> _Problem requirements_
Given the material below, output exactly the lines from the line with "unfolding diff_def using" to the line with "1 + y) \<and>", both ends included, and no other lines.

++++++++++

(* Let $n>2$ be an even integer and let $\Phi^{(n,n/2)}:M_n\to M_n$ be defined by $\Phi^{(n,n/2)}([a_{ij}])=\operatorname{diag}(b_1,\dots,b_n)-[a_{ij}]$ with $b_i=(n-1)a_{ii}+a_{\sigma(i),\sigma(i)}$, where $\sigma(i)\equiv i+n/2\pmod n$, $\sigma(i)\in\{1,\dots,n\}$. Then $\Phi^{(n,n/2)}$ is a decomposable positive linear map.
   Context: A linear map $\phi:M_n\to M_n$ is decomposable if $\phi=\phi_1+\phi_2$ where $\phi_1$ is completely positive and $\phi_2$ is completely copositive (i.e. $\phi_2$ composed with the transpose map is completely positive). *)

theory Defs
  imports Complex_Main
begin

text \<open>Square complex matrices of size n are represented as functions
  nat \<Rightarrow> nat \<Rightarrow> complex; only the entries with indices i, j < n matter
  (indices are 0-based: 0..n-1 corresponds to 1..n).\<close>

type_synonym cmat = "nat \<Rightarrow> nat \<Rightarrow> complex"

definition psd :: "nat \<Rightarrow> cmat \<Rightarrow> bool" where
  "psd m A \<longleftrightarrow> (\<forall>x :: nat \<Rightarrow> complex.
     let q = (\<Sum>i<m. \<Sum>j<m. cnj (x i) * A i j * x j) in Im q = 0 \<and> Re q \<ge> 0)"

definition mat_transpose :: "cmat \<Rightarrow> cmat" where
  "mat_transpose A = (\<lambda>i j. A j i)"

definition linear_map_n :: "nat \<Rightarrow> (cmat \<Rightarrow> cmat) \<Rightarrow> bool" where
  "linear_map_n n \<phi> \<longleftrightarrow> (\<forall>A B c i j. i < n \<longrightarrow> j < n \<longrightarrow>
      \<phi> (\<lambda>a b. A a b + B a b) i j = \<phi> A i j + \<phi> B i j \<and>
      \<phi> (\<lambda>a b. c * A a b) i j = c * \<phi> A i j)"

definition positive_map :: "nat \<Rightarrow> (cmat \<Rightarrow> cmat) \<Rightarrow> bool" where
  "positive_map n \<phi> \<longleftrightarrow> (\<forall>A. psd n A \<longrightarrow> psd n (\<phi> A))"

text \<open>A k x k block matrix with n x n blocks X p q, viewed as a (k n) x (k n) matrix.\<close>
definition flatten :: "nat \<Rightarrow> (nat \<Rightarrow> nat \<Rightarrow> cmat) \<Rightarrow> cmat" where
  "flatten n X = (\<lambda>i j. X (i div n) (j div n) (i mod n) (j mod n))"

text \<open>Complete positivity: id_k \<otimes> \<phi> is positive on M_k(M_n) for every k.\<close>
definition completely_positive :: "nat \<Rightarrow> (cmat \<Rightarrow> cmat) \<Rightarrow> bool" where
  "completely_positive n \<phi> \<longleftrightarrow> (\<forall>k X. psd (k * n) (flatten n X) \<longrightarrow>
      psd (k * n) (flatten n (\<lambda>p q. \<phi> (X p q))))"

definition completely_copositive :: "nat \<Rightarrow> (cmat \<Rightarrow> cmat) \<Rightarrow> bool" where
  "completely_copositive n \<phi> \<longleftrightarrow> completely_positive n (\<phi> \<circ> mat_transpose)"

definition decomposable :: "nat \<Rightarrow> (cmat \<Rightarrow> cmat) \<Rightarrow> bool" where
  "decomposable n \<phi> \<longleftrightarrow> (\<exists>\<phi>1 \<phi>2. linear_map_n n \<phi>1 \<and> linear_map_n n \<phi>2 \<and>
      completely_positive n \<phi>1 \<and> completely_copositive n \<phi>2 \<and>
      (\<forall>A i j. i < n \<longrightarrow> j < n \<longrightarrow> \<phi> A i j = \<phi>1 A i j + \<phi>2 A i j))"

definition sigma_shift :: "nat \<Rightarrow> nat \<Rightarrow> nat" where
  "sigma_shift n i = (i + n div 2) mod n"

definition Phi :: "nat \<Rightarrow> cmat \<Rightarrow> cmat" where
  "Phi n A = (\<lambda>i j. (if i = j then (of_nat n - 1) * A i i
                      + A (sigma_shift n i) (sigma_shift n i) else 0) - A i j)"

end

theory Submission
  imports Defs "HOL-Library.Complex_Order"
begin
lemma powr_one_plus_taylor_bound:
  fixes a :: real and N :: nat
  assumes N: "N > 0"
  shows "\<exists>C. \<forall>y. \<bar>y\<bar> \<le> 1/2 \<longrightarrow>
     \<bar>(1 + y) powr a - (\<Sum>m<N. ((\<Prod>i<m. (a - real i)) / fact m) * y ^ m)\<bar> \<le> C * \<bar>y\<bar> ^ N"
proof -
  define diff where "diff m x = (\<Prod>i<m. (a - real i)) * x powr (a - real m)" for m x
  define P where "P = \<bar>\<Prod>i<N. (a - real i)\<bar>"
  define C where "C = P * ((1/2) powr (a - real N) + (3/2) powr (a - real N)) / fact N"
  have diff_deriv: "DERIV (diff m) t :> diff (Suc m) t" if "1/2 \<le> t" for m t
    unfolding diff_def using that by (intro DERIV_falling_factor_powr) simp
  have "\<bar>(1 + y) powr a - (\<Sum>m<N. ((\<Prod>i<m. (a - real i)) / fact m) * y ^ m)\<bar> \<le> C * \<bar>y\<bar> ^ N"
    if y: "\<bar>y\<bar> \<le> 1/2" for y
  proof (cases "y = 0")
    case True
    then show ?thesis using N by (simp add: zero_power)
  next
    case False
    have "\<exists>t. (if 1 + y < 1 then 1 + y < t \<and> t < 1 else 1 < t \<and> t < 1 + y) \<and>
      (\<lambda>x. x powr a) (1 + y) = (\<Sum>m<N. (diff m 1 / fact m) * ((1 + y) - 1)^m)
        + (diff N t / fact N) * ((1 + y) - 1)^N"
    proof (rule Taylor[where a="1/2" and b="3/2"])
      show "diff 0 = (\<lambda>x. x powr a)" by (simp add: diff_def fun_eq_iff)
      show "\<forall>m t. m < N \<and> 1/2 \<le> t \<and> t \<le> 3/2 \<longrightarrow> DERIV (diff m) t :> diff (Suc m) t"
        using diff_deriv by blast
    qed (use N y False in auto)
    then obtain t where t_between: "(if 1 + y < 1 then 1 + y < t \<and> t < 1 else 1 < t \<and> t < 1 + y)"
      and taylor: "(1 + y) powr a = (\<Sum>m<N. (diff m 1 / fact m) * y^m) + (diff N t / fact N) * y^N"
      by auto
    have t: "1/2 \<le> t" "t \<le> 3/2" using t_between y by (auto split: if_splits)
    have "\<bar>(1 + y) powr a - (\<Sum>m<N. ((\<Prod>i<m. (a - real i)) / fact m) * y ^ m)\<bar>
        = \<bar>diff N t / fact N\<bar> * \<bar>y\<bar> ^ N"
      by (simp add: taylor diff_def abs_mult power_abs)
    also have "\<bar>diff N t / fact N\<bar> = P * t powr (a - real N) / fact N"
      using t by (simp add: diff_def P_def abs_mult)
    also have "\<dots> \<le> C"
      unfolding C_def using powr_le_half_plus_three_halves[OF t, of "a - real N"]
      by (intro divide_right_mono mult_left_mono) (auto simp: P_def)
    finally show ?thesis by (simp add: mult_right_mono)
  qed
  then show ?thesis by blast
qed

++++++++++

> _Your solution_
    unfolding diff_def using that by (intro DERIV_falling_factor_powr) simp
  have "\<bar>(1 + y) powr a - (\<Sum>m<N. ((\<Prod>i<m. (a - real i)) / fact m) * y ^ m)\<bar> \<le> C * \<bar>y\<bar> ^ N"
    if y: "\<bar>y\<bar> \<le> 1/2" for y
  proof (cases "y = 0")
    case True
    then show ?thesis using N by (simp add: zero_power)
  next
    case False
    have "\<exists>t. (if 1 + y < 1 then 1 + y < t \<and> t < 1 else 1 < t \<and> t < 1 + y) \<and>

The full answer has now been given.